The producer will determine which crew members need to talk to each other and whether they should use an intercom channel or a two-way radio. Most of the time, the producer will be talking with the director, assistant director, font coordinator, technical director, and tape and RF camera operators. The intercom will be programmed so that the producer can talk to all of them or individually. Also, producers will have an “all call” switch that allows them to talk to everyone on IFB.

The director will primarily want to talk with the camera, graphics, and video recording operators. The technical director will want mainly to listen to the director and talk with camera operators, videotape operators, and the A-1.

Prerecorded Audio

Pregame, post-game, and half-time productions offer a myriad of challenges for audio. There are a number of areas that require quality sound, making it almost impossible to only go with “live” sound. The concept of prerecorded audio can be a bit controversial and is highly debated, even among professional audio designers. Anti-prerecorded audio designers often feel that you are not being truthful about the audio. Pro-precorded audio designers state that sports is entertainment, and movie entertainment always dubs in the audio at a later time. Prerecorded audio is often used to supplement and sometimes completely replace live sound. The following is a list of some of the reasons prerecorded audio was used during the Barcelona Olympic Games Opening Ceremony. At this event, prerecorded audio was used for every aspect of the ceremony—from the roar of airplanes crossing the sky, to opera singers, to the applause of the spectators.

Figure 9.24 Intercom belt pack and an intercom headset.

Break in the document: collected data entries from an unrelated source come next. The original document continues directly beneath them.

lemma fbe_block_update_decrease:
  assumes z: "z \<in> fb_map x" and z': "z' \<in> fb_map x'"
    and upd: "\<And>j. x' $ j = (if blk j \<in> S then z $ j else x $ j)"
  shows "fbe x' \<le> fbe x - (1 - \<Delta>) / 2 * wnormsq \<Gamma>inv (x' - x)"
proof -
  have "(\<Sum>i\<in>{1..N}. f i x' + inner (df i x') (z - x'))
      \<le> (\<Sum>i\<in>{1..N}. f i x + inner (df i x) (z - x) + L i / 2 * (norm (P i (x' - x)))^2)"
    using block_linearization_after_update[OF _ upd] by (rule sum_mono)
  also have "\<dots> = (\<Sum>i\<in>{1..N}. f i x + inner (df i x) (z - x))
      + real N * (1/2 * wnormsq (\<lambda>j. L (blk j) / real N) (x' - x))"
    using N wnormsq_blocks[of "\<lambda>i. L i / real N"] by (simp add: sum.distrib sum_distrib_left)
  finally have F: "Fsum N f x' + inner (gradF N df x') (z - x')
      \<le> Fsum N f x + inner (gradF N df x) (z - x) + 1/2 * wnormsq (\<lambda>j. L (blk j) / real N) (x' - x)"
    using N unfolding Fsum_plus_inner_gradF by (auto dest: divide_right_mono[of _ _ "real N"] simp: add_divide_distrib)
  have "wnormsq (\<lambda>j. L (blk j) / real N) (x' - x) \<le> wnormsq (\<lambda>j. \<Delta> * \<Gamma>inv j) (x' - x)"
    using L_le_\<Delta>_\<Gamma>inv by (rule wnormsq_mono_weights)
  moreover have "wnormsq \<Gamma>inv (z - x) = wnormsq \<Gamma>inv (z - x') + wnormsq \<Gamma>inv (x' - x)"
    unfolding wnormsq_def sum.distrib[symmetric] by (rule sum.cong) (auto simp: upd)
  moreover have "fbe x' \<le> fb_model x' z"
    using fbe_eq_model[OF z'] fb_map_minimizes_model[OF z'] fb_map_minimizes_model(1)[OF z] by simp
  ultimately show ?thesis
    using F fbe_eq_model[OF z] unfolding wnormsq_scale_weights inner_diff_right by argo
qed

end

locale block_coordinate_iteration = block_coordinate_problem N blk f df L \<mu> \<gamma> domG G xs
  for N :: nat and blk :: "'n::finite \<Rightarrow> nat" and f df L \<mu> \<gamma> domG G xs +
  fixes x z :: "nat \<Rightarrow> real^'n" and I :: "nat \<Rightarrow> nat set"
  assumes z_T: "\<forall>k. z k \<in> Tmap N blk \<gamma> df domG G (x k)"
    and x_upd: "\<forall>k. \<forall>j. x (Suc k) $ j = (if blk j \<in> I (Suc k) then z k $ j else x k $ j)"
begin

lemma z_in_fb_map: "z k \<in> fb_map (x k)"
  using z_T by blast

abbreviation step :: "nat \<Rightarrow> real^'n" where "step k \<equiv> x (Suc k) - x k"

definition sq_steps :: "nat \<Rightarrow> nat \<Rightarrow> real" where
  "sq_steps k0 T = (\<Sum>s<T. wnormsq \<Gamma>inv (step (k0 + s)))"

lemma sq_steps_nonneg: "0 \<le> sq_steps k0 T"
  unfolding sq_steps_def by (intro sum_nonneg wnormsq_nonneg \<Gamma>inv_nonneg)

lemma fbe_epoch_decrease:
  "fbe (x (k0 + t)) \<le> fbe (x k0) - (1 - \<Delta>) / 2 * sq_steps k0 t"
proof (induction t)
  case (Suc t)
  have "fbe (x (Suc (k0 + t))) \<le> fbe (x (k0 + t)) - (1 - \<Delta>) / 2 * wnormsq \<Gamma>inv (step (k0 + t))"
    using x_upd by (intro fbe_block_update_decrease[OF z_in_fb_map z_in_fb_map]) blast
  then show ?case using Suc.IH by (simp add: sq_steps_def algebra_simps)
qed (simp add: sq_steps_def)

lemma x_unchanged:
  "(\<And>s. s < t \<Longrightarrow> blk j \<notin> I (Suc (k0 + s))) \<Longrightarrow> x (k0 + t) $ j = x k0 $ j"
  by (induction t) (simp_all add: x_upd)

lemma x_drift_eq_sum_steps: "x (k0 + t) $ j - x k0 $ j = (\<Sum>s<t. step (k0 + s) $ j)"
  by (induction t) simp_all

lemma drift_le_sq_steps:
  assumes drift: "\<And>j. (x (k0 + s) $ j - x k0 $ j)^2 \<le> B * (\<Sum>t<T. (step (k0 + t) $ j)^2)"
  shows "wnormsq \<Gamma>inv (x k0 - x (k0 + s)) \<le> B * sq_steps k0 T"
proof -
  have "wnormsq \<Gamma>inv (x k0 - x (k0 + s)) \<le> (\<Sum>j\<in>UNIV. \<Gamma>inv j * (B * (\<Sum>t<T. (step (k0 + t) $ j)^2)))"
    unfolding wnormsq_def using drift \<Gamma>inv_nonneg
    by (intro sum_mono mult_left_mono) (auto simp: power2_commute)
  also have "\<dots> = B * sq_steps k0 T"
    unfolding sq_steps_def wnormsq_def sum_distrib_left
    by (subst sum.swap) (simp add: ac_simps)
  finally show ?thesis .
qed

lemma first_update_in_epoch:
  assumes cover: "\<forall>i\<in>{1..N}. \<exists>t<T. i \<in> I (Suc (k0 + t))"
  obtains \<tau> where "\<And>j. \<tau> j < T" "\<And>j. blk j \<in> I (Suc (k0 + \<tau> j))"
    "\<And>j s. s < \<tau> j \<Longrightarrow> blk j \<notin> I (Suc (k0 + s))"
proof
  fix j
  obtain t where t: "t < T" "blk j \<in> I (Suc (k0 + t))" using cover blk_range by blast
  show "blk j \<in> I (Suc (k0 + (LEAST t. blk j \<in> I (Suc (k0 + t)))))" by (rule LeastI[of _ t]) (rule t(2))
  show "(LEAST t. blk j \<in> I (Suc (k0 + t))) < T" using Least_le[of _ t] t by fastforce
  show "s < (LEAST t. blk j \<in> I (Suc (k0 + t))) \<Longrightarrow> blk j \<notin> I (Suc (k0 + s))" for s
    by (rule not_less_Least)
qed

1. Prerecorded sound allows for near perfect synchronization of the technical aspects of the spectacle, offering the ability to link sound, lights, camera movement, and other enhancements.
2. Prerecorded sound ensures optimal quality for television, allowing for stereophonic sound (stadium spectators only hear monophonic sound), as well as mixed enhancements.
3. Prerecorded sound allows a better experience or sense of proximity to the event for television viewers. For both television and stadium spectators, prerecorded sound also can direct attention to specific events happening in a very large stadium in a way that live sound cannot.
4. Unforeseen weather conditions, such as the rain or the wind, do not affect the prerecording but can affect live music leading to irreparable distortions in a live broadcast.
5. Unforeseen noises, such as friction between the microphone and the actors’ clothes, movements of the announcers in respect to the microphone, or various feedback effects, can be avoided.
6. The use of prerecorded sound can be more comfortable for the performers in the stadium, especially for the opera singers, some of who, in fact, preferred that their music be prerecorded.
7. There were also several microphones strategically placed in the stadium in order to pick up spontaneous sound during the event, in the form of applause, booing, and cheering.